Artificial Intelligence and Integrated Circuits Research

KuanNet
Knowledge-Unified Attention Neural Network — Multi-Agent Reinforcement Learning with Echo State Networks for Chiplet TSV Assignment
Published — IEEE TVLSI 2026
Xiaomeng Wang1,*, Zhen Zhou2, Yang Yi1
1Bradley Dept. of ECE & Institute for Advanced Computing, Virginia Tech  ·  2Intel Corporation, Chandler, AZ  ·  *Corresponding author
IEEE Transactions on Very Large Scale Integration (VLSI) Systems, 2026
Venue
IEEE TVLSI 2026
Accepted
30 March 2026

Abstract

Chiplet-based architectures require efficient Through-Silicon Via (TSV) assignment to optimize interconnect performance and system integration. Unlike traditional 3D integrated circuits, heterogeneous chiplet systems demand coordination across dies with varying sizes and functionalities, creating exponentially complex solution spaces that challenge existing optimization methods.
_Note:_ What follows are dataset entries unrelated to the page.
lemma vertex_classes_subset: "C \<in> vertex_classes V \<Gamma> \<Longrightarrow> C \<subseteq> V"
  unfolding vertex_classes_def vorbit_def using vertex_apply_iff by auto

lemma loop_color_eq_imp_vorbit:
  assumes "v \<in> V" "color V E \<Gamma> v v = color V E \<Gamma> w w"
  shows "w \<in> vorbit \<Gamma> v"
proof -
  have "ext_edge V E w w"
    using assms unfolding color_def ext_edge_def by (auto split: if_splits)
  then have "{w} \<in> {\<rho> ` {v, v} | \<rho>. \<rho> \<in> \<Gamma>}"
    using assms id_mem unfolding color_def ext_edge_def by (auto split: if_splits)
  then show ?thesis by (auto simp: vorbit_def)
qed

lemma same_class_color_imp_vorbit:
  assumes k: "k \<in> same_class_colors V E \<Gamma>" and vu: "color V E \<Gamma> v u = Some k"
  shows "u \<in> vorbit \<Gamma> v"
proof -
  obtain a b where ab: "ext_edge V E a b" "color V E \<Gamma> a a = color V E \<Gamma> b b"
      "color V E \<Gamma> a b = Some k"
    using k by (auto simp: same_class_colors_def)
  have "b \<in> vorbit \<Gamma> a"
    using ab(1,2) by (simp add: ext_edge_def loop_color_eq_imp_vorbit)
  then have ab_orbit: "vorbit \<Gamma> b = vorbit \<Gamma> a" by (rule vorbit_eq)
  have "k = {\<sigma> ` {v, u} | \<sigma>. \<sigma> \<in> \<Gamma>}"
    using vu by (simp add: color_def split: if_splits)
  moreover have "{v, u} = id ` {v, u}" by simp
  ultimately have "{v, u} \<in> k" using id_mem by blast
  then obtain \<sigma> where \<sigma>: "\<sigma> \<in> \<Gamma>" and vu_eq: "{v, u} = {\<sigma> a, \<sigma> b}"
    using ab(1,3) by (auto simp: color_def)
  have "{\<sigma> a, \<sigma> b} \<subseteq> vorbit \<Gamma> a"
    using vorbit_apply[OF \<sigma>] ab_orbit by auto
  then have "v \<in> vorbit \<Gamma> a" "u \<in> vorbit \<Gamma> a"
    unfolding vu_eq[symmetric] by auto
  then show ?thesis by (simp add: mem_vorbit_iff)
qed

end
This paper introduces KuanNet (Knowledge-Unified Attention Neural Network), a multi-agent reinforcement learning framework integrating Echo State Networks (ESN) with attention mechanisms for chiplet TSV assignment. The key innovation is a knowledge-unified architecture with temporal-static decomposition: temporal features shared across agents are processed through both ESN reservoirs and skip connections, while static features remain agent-private, enabling coordinated decisions with temporal memory and spatial awareness.
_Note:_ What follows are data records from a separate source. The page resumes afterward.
definition is_increase :: "nat list list \<Rightarrow> nat \<Rightarrow> bool" where
  "is_increase bs x \<longleftrightarrow> x \<notin> set (block_ends bs) \<and> appears_right_succ (concat bs) x"

definition is_decrease :: "nat list list \<Rightarrow> nat \<Rightarrow> bool" where
  "is_decrease bs x \<longleftrightarrow> x \<notin> set (block_ends bs) \<and> \<not> appears_right_succ (concat bs) x"

definition Xword :: "nat list list \<Rightarrow> letter list" where
  "Xword bs = map (\<lambda>x. if is_increase bs x then H else if is_decrease bs x then Z else L)
                  (butlast (concat bs))"

datatype dir = West | Diag | South   (* horizontal, diagonal (southwest), vertical *)

fun dir_rank :: "dir \<Rightarrow> nat" where
  "dir_rank West = 0" | "dir_rank Diag = 1" | "dir_rank South = 2"

fun dir_of :: "letter \<Rightarrow> dir" where
  "dir_of Z = West" | "dir_of L = Diag" | "dir_of H = South"

text \<open>Southeast boundary of Gamma(X), as the sequence of step directions from P to Q.\<close>
definition se_boundary :: "letter list \<Rightarrow> dir list" where
  "se_boundary X = map dir_of X"

definition nw_boundary :: "letter list \<Rightarrow> dir list" where
  "nw_boundary X = replicate (count_list X Z) West @ replicate (count_list X L) Diag
                   @ replicate (count_list X H) South"

text \<open>Combinatorial model of a tiling (together with an order of placement of its tiles):
a tile whose east and south edges are consecutive edges i, i+1 of the current path
from P to Q (east edge first) is removed, replacing these two edges by its north and
west edges (north edge first).  Squares: (South,West) to (West,South); tall rhombi:
(South,Diag) to (Diag,South); short rhombi: (Diag,West) to (West,Diag).  Thus a tile
is exactly an adjacent swap of a pair x,y with rank y < rank x.\<close>

fun valid_swaps :: "nat list \<Rightarrow> dir list \<Rightarrow> bool" where
  "valid_swaps [] w = True"
| "valid_swaps (i # is) w =
     (Suc i < length w \<and> dir_rank (w ! Suc i) < dir_rank (w ! i) \<and>
      valid_swaps is (w[i := w ! Suc i, Suc i := w ! i]))"

fun apply_swaps :: "nat list \<Rightarrow> dir list \<Rightarrow> dir list" where
  "apply_swaps [] w = w"
| "apply_swaps (i # is) w = apply_swaps is (w[i := w ! Suc i, Suc i := w ! i])"

definition is_tiling_order :: "letter list \<Rightarrow> nat list \<Rightarrow> bool" where
  "is_tiling_order X ts \<longleftrightarrow> valid_swaps ts (se_boundary X) \<and>
                            apply_swaps ts (se_boundary X) = nw_boundary X"

type_synonym label = "nat set"

definition label_succ :: "label \<Rightarrow> label \<Rightarrow> bool" (infix "\<succ>\<^sub>l" 50) where
  "E \<succ>\<^sub>l S \<longleftrightarrow> E \<noteq> {} \<and> S \<noteq> {} \<and> Min E = Max S + 1"

text \<open>Processing the tile at positions i (east edge, label E) and i+1 (south edge,
label S) of the current labelled path; the new path has the north edge at
position i and the west edge at position i+1.\<close>
definition fe_step :: "(dir \<times> label) list \<Rightarrow> nat \<Rightarrow> (dir \<times> label) list" where
  "fe_step st i =
    (let (x, E) = st ! i; (y, S) = st ! Suc i;
         (north, west) =
           (if E \<succ>\<^sub>l S \<and> y = West then ({}, E \<union> S)
            else if S \<succ>\<^sub>l E \<and> x = South then (E \<union> S, {})
            else (S, E))
     in st[i := (y, north), Suc i := (x, west)])"

fun fe_run :: "nat list \<Rightarrow> (dir \<times> label) list \<Rightarrow> (dir \<times> label) list" where
  "fe_run [] st = st"
| "fe_run (i # is) st = fe_run is (fe_step st i)"

definition fe_init :: "nat list list \<Rightarrow> (dir \<times> label) list" where
  "fe_init bs = zip (se_boundary (Xword bs)) (map (\<lambda>a. {a}) (butlast (concat bs)))"

definition label_union :: "dir \<Rightarrow> (dir \<times> label) list \<Rightarrow> nat set" where
  "label_union d st = \<Union> {E. (d, E) \<in> set st}"

end

theory Submission
  imports Defs
begin

(* The labels obey an invariant throughout the algorithm: they partition
   {1..n+1} - {b_(r+1)} into intervals; every block-end is the maximum of its label; the edge
   carrying a nonempty label has the direction that X(A) gives to the maximum of the label
   (diagonal for a block-end, vertical for an increase, horizontal for a decrease); and if a
   non-block-end c and c+1 lie in different labels, the edge of c precedes the edge of c+1
   exactly when c is an increase.  A fusion merges two adjacent intervals.  An exchange can only
   break the last condition when c and c+1 sit in the two exchanged labels; these are then
   adjacent intervals, which is precisely the situation taken over by rules I and II.

   At termination the path reads horizontal, diagonal, vertical, so the last condition forces
   c+1 onto an edge of the same direction as c unless c is a block-end.  Walking upwards from a
   horizontal label would thus reach the block-end b_1, and walking upwards from a vertical label
   above b_(r+1) would leave {1..n+1}; a diagonal label is an interval whose maximum is a
   block-end and which avoids b_(r+1). *)

section \<open>Intervals of natural numbers\<close>

definition consecutive :: "nat set \<Rightarrow> bool" where
  "consecutive A \<longleftrightarrow> (\<forall>x\<in>A. \<forall>z\<in>A. {x..z} \<subseteq> A)"

lemma consecutive_empty [simp]: "consecutive {}"
  by (simp add: consecutive_def)

lemma consecutive_singleton [simp]: "consecutive {c}"
  by (simp add: consecutive_def)

lemma consecutive_Max:
  assumes "consecutive A" "finite A" "c \<in> A" "Suc c \<notin> A"
  shows "Max A = c"
proof (rule Max_eqI)
  show "e \<le> c" if "e \<in> A" for e
  proof (rule ccontr)
    assume "\<not> e \<le> c"
    then have "Suc c \<in> {c..e}" by simp
    then show False using assms that unfolding consecutive_def by blast
  qed
qed (use assms in auto)

lemma consecutive_Min:
  assumes "consecutive A" "finite A" "Suc c \<in> A" "c \<notin> A"
  shows "Min A = Suc c"
proof (rule Min_eqI)
  show "Suc c \<le> e" if "e \<in> A" for e
  proof (rule ccontr)
    assume "\<not> Suc c \<le> e"
    then have "c \<in> {e..Suc c}" by simp
    then show False using assms that unfolding consecutive_def by blast
  qed
qed (use assms in auto)

lemma label_succ_Max_Un:
  assumes "E \<succ>\<^sub>l S" "finite E" "finite S"
  shows "Max (E \<union> S) = Max E"
proof -
  have ne: "E \<noteq> {}" "S \<noteq> {}" and gap: "Min E = Suc (Max S)"
    using assms(1) by (auto simp: label_succ_def)
  have "Max S \<le> Max E"
    using Min_le[OF assms(2) Max_in[OF assms(2) ne(1)]] gap by simp
  then show ?thesis
    using Max_Un[OF assms(2) ne(1) assms(3) ne(2)] by simp
qed

lemma consecutive_Un_label_succ:
  assumes "E \<succ>\<^sub>l S" "finite E" "finite S" "consecutive E" "consecutive S"
  shows "consecutive (E \<union> S)"
  unfolding consecutive_def
proof (intro ballI subsetI)
  fix x z y assume x: "x \<in> E \<union> S" and z: "z \<in> E \<union> S" and y: "y \<in> {x..z}"
  have ne: "E \<noteq> {}" "S \<noteq> {}" and gap: "Min E = Suc (Max S)"
    using assms(1) by (auto simp: label_succ_def)
  show "y \<in> E \<union> S"
  proof (cases "y \<le> Max S")
    case True
    have "x \<notin> E"
      using y True gap Min_le[OF assms(2)] by fastforce
    then have "x \<in> S"
      using x by blast
    then have "{x..Max S} \<subseteq> S"
      using assms(3,5) ne unfolding consecutive_def by simp
    then show ?thesis using y True by auto
  next
    case False
    have "z \<notin> S"
      using y False Max_ge[OF assms(3)] by fastforce
    then have "z \<in> E"
      using z by blast
    then have "{Min E..z} \<subseteq> E"
      using assms(2,4) ne unfolding consecutive_def by simp
    then show ?thesis using y False gap by auto
  qed
qed

lemma label_succ_if_adjacent:
  assumes "consecutive E" "consecutive S" "finite E" "finite S" "E \<inter> S = {}"
    and "c \<in> E" "Suc c \<in> S"
  shows "S \<succ>\<^sub>l E" "Max E = c"
proof -
  show "Max E = c"
    using assms by (intro consecutive_Max) auto
  moreover have "Min S = Suc c"
    using assms by (intro consecutive_Min) auto
  ultimately show "S \<succ>\<^sub>l E"
    using assms(6,7) by (auto simp: label_succ_def)
qed

section \<open>The invariant of the fusion-exchange algorithm\<close>

definition elem_dir :: "nat set \<Rightarrow> (nat \<Rightarrow> bool) \<Rightarrow> nat \<Rightarrow> dir" where
  "elem_dir B inc c = (if c \<in> B then Diag else if inc c then South else West)"

definition consistent_edge :: "nat set \<Rightarrow> (nat \<Rightarrow> bool) \<Rightarrow> dir \<times> label \<Rightarrow> bool" where
  "consistent_edge B inc e \<longleftrightarrow> consecutive (snd e) \<and> B \<inter> snd e \<subseteq> {Max (snd e)} \<and>
     (snd e \<noteq> {} \<longrightarrow> fst e = elem_dir B inc (Max (snd e)))"

lemma consistent_edge_empty [simp]: "consistent_edge B inc (d, {})"
  by (simp add: consistent_edge_def)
Building on multi-agent deep deterministic policy gradient (MADDPG) with K-head attention critics, KuanNet demonstrates superior optimization performance over the state-of-the-art baseline across standard benchmark circuits of varying scale and complexity. Ablation studies validate individual component contributions of the KuanNet architecture.

Keywords

Chiplet design Heterogeneous integration Through-silicon via (TSV) TSV assignment Placement optimization Multi-agent reinforcement learning Echo state network Attention mechanism

Key Results

Evaluated on five industry-standard benchmarks (MCNC ami33, ami49; GSRC n100, n200, n300) across 3-tier and 4-tier configurations for both homogeneous 3D IC and heterogeneous chiplet topologies — 20 benchmark-design combinations in total.

20×–223×
Larger wirelength reductions vs. state-of-the-art ATT-TA baseline on 3-tier 3D IC configurations (average: 76×).
12×–266×
Larger wirelength reductions on 4-tier configurations (average: 82×).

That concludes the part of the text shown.